- Naulakha Location within Punjab Naulakha Location within India
- Coordinates: 30°32′N 76°23′E﻿ / ﻿30.53°N 76.39°E
- Country: India
- State: Punjab
- District: Fatehgarh Sahib
- Established: 600 years ago

Government
- • Body: Panchayat
- Elevation: 264 m (866 ft)
- Time zone: UTC+5:30 (IST)
- PIN: 147104
- Telephone: 91-01763

= Naulakha, Punjab =

Naulakha is a major village in Fatehgarh Sahib District, in the Indian state of Punjab.

It is situated on Sirhind-Patiala road, 13 km from Sirhind and 19 km from Patiala. It is a historic village. Guru Tegh Bahadur ji, the ninth guru of Sikhs, and Mata Gujri ji are two of the most well-known visitors. Today, Gurudwara Naulakha Sahib is built on the site where they once stayed.

The village has a population of about 1000. The three schools in the village are the "Govt. Primary School", "Govt.

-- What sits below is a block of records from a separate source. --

(* Let $n \ge 2$ and let $\mathcal{B}$ be a non-degenerate deformation of the type $B_n$ Coxeter arrangement in $\mathbb{R}^n$. Let $H_0 \in \mathcal{B}$. Then the restriction $\mathcal{B}^{H_0}$, viewed in $\mathbb{R}^{n-1}$ via the isomorphism $H_0 \to \mathbb{R}^{n-1}$ that deletes one coordinate (the coordinate $x_k$ if $H_0 : x_k = a$, and the coordinate $x_l$ if $H_0 : x_k \pm x_l = a$ with $k<l$), is a non-degenerate deformation of the type $B_{n-1}$ Coxeter arrangement in $\mathbb{R}^{n-1}$.
   Context: A non-degenerate deformation of the type $B_n$ Coxeter arrangement in $\mathbb{R}^n$ is a finite hyperplane arrangement of the form $\{x_i = a_i^{(1)},\ldots,a_i^{(r_i)}\} \cup \{x_i-x_j = b_{ij}^{(1)},\ldots,b_{ij}^{(s_{ij})}\} \cup \{x_i+x_j = c_{ij}^{(1)},\ldots,c_{ij}^{(t_{ij})}\}$ (over $1\le i\le n$ resp. $1 \le i\ne j\le n$) with all constants real and $r_i,s_{ij},t_{ij} \ge 1$, i.e. every hyperplane is parallel to one of $x_i=0$, $x_i-x_j=0$, $x_i+x_j=0$, and each of these directions contains at least one hyperplane of the arrangement. For $H_0 \in \mathcal{B}$, the restriction is $\mathcal{B}^{H_0} = \{H_0 \cap H : H \in \mathcal{B}\setminus\{H_0\},\ H_0\cap H \neq \emptyset\}$, an arrangement in the affine space $H_0$. *)

theory Defs
  imports Main "HOL-Library.Library"
begin

text \<open>Points of R^n are functions nat => real vanishing at indices >= n;
  coordinates are indexed 0..n-1 (the paper uses 1..n).\<close>

definition rspace :: "nat \<Rightarrow> (nat \<Rightarrow> real) set" where
  "rspace n = {x. \<forall>i\<ge>n. x i = 0}"

definition hyp_coord :: "nat \<Rightarrow> nat \<Rightarrow> real \<Rightarrow> (nat \<Rightarrow> real) set" where
  "hyp_coord n i a = {x \<in> rspace n. x i = a}"

definition hyp_minus :: "nat \<Rightarrow> nat \<Rightarrow> nat \<Rightarrow> real \<Rightarrow> (nat \<Rightarrow> real) set" where
  "hyp_minus n i j b = {x \<in> rspace n. x i - x j = b}"

definition hyp_plus :: "nat \<Rightarrow> nat \<Rightarrow> nat \<Rightarrow> real \<Rightarrow> (nat \<Rightarrow> real) set" where
  "hyp_plus n i j c = {x \<in> rspace n. x i + x j = c}"

definition B_deformation :: "nat \<Rightarrow> (nat \<Rightarrow> real) set set \<Rightarrow> bool" where
  "B_deformation n \<B> \<longleftrightarrow>
     finite \<B> \<and>
     (\<forall>H\<in>\<B>. (\<exists>i a. i < n \<and> H = hyp_coord n i a)
           \<or> (\<exists>i j b. i < n \<and> j < n \<and> i \<noteq> j \<and> H = hyp_minus n i j b)
           \<or> (\<exists>i j c. i < n \<and> j < n \<and> i \<noteq> j \<and> H = hyp_plus n i j c)) \<and>
     (\<forall>i<n. \<exists>a. hyp_coord n i a \<in> \<B>) \<and>
     (\<forall>i j. i < n \<and> j < n \<and> i \<noteq> j \<longrightarrow>
        (\<exists>b. hyp_minus n i j b \<in> \<B>) \<and> (\<exists>c. hyp_plus n i j c \<in> \<B>))"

Middle School" and a private convent school named "Baba Zoravar Singh Baba Fateh Singh, Sen. Sec. Public School, Naulakha", also known as "B.Z.S.F.S School". A mosque is also present in the village.

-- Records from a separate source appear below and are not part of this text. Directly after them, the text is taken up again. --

theorem lemma5p12:
  fixes s m r :: nat and \<alpha> \<beta> :: "nat \<Rightarrow> nat \<Rightarrow> nat"
    and cs \<kappa>s :: "nat \<Rightarrow> real"
  assumes net: "reaction_network s m \<alpha> \<beta>"
    and onedim: "one_dim_labelled s m \<alpha> \<beta>"
    and lab: "classes_labelled s \<alpha> \<beta> cs r"
    and standing: "standing_assumption s m \<alpha> \<beta> cs r"
    and kpos: "\<forall>j\<in>{1..m}. 0 < \<kappa>s j"
    and ss: "\<exists>x. in_compat_class s \<alpha> \<beta> cs x \<and> pos_steady_state s m \<alpha> \<beta> \<kappa>s x"
  shows "\<forall>\<tau>. is_tau s m \<alpha> \<beta> cs r \<tau> \<longrightarrow>
           (\<forall>ell. is_ell s m \<alpha> \<beta> cs \<tau> ell \<longrightarrow>
               (\<forall>z\<in>Iset s m \<alpha> \<beta> cs r. phi_well_defined s m \<alpha> \<beta> cs r ell z))
         \<and> (\<forall>k\<in>Hset s m \<alpha> \<beta> cs r - {\<tau>}.
               Ycoord s \<alpha> \<beta> cs k (- Bcoef \<alpha> \<beta> cs \<tau> / Acoef \<alpha> \<beta> \<tau>) > 0)
         \<and> (\<forall>ell. is_ell s m \<alpha> \<beta> cs \<tau> ell \<longrightarrow>
               phi_well_defined s m \<alpha> \<beta> cs r ell (- Bcoef \<alpha> \<beta> cs \<tau> / Acoef \<alpha> \<beta> \<tau>))"
proof (intro allI impI conjI ballI)
  fix \<tau> assume tau: "is_tau s m \<alpha> \<beta> cs r \<tau>"
  obtain x where "in_compat_class s \<alpha> \<beta> cs x" "\<forall>i\<in>{1..s}. 0 < x i"
    using ss by (auto simp: pos_steady_state_def)
  then have C: "Cconst s \<alpha> \<beta> cs j \<noteq> 0" for j by (rule Cconst_nonzero[OF onedim])
  show "phi_well_defined s m \<alpha> \<beta> cs r ell z" if "z \<in> Iset s m \<alpha> \<beta> cs r" for ell z
    unfolding phi_well_defined_def
  proof (rule Ppoly_nonzero[OF C])
    fix k assume "k \<in> Hset s m \<alpha> \<beta> cs r"
    with that have "Ycoord s \<alpha> \<beta> cs k z > 0"
      using Hset_subset_Jset Iset_subset_Iint by (blast intro: Ycoord_pos_if_in_Iint)
    then show "Ycoord s \<alpha> \<beta> cs k z \<noteq> 0 \<or> gam s m \<alpha> \<beta> cs k ell = 0" by simp
  qed
  show Y: "Ycoord s \<alpha> \<beta> cs k (- Bcoef \<alpha> \<beta> cs \<tau> / Acoef \<alpha> \<beta> \<tau>) > 0"
    if "k \<in> Hset s m \<alpha> \<beta> cs r - {\<tau>}" for k
    using that Ycoord_pos_at_left_endpoint[OF tau lab] by blast
  show "phi_well_defined s m \<alpha> \<beta> cs r ell (- Bcoef \<alpha> \<beta> cs \<tau> / Acoef \<alpha> \<beta> \<tau>)"
    if ell: "is_ell s m \<alpha> \<beta> cs \<tau> ell" for ell
  proof -
    have "gam s m \<alpha> \<beta> cs \<tau> ell = 0"
      using net ell by (intro gam_eq_0_if_minimal) (auto simp: reaction_network_def is_ell_def)
    with Y show ?thesis
      unfolding phi_well_defined_def by (intro Ppoly_nonzero[OF C]) force
  qed
qed

end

The village has a "cooperative society" from where farmers can buy or hire anything related to agriculture.

==History==
The name of the village is based on an event said to have taken place when Guru Tegh Bahadur and Mata Gujri stayed there for a day and night on a tour of the Malwa region. A man named Lakhi Shah Wanjara who had lost his ox said that he would give several takkas to the guru if it were found. When he found the ox, he approached the guru and gave him nine takkas. When the guru forwarded these to the Sangat without even touching them, Wanjara feared that the amount of the offering had been insufficient and told the guru that while he didn't have any more money on that day he would try to give more soon. The guru told the man that his nine takkas were the equivalent of nine lakhs of takka (nau lakh). He asked visitors who came to him later to name the village Naulakha in remembrance of the offering.

==Sports==

Naulakha village is known for its enthusiastic support of sports. It has a sports club, founded in 1990, named "Sri Guru Tegh Bahadur Sports Club". Recently the President of this sports Club is "Gurdeep Singh Kharoud". The village is well known for its outstanding volleyball team which has won many tournaments throughout Punjab and Haryana. The Cricket team of the village is also famous, having won several tournaments. The club organised many volleyball and cricket competitions.

==Places==

- Gurudwara Naulakha Sahib
- Mosque
- Baba Veergar
- Baba Matt
- Lalan wala Peer
- Nagar Kheda
- Guga Maadi
- Bhagatan di Motor
- Wifi chownk
- Water Tank park

==Administration==

The village is administrated by "Village Panchayat". Gurudwara Naulakha Sahib is administrated by "local gurdwara parbandhak committee" under SGPC.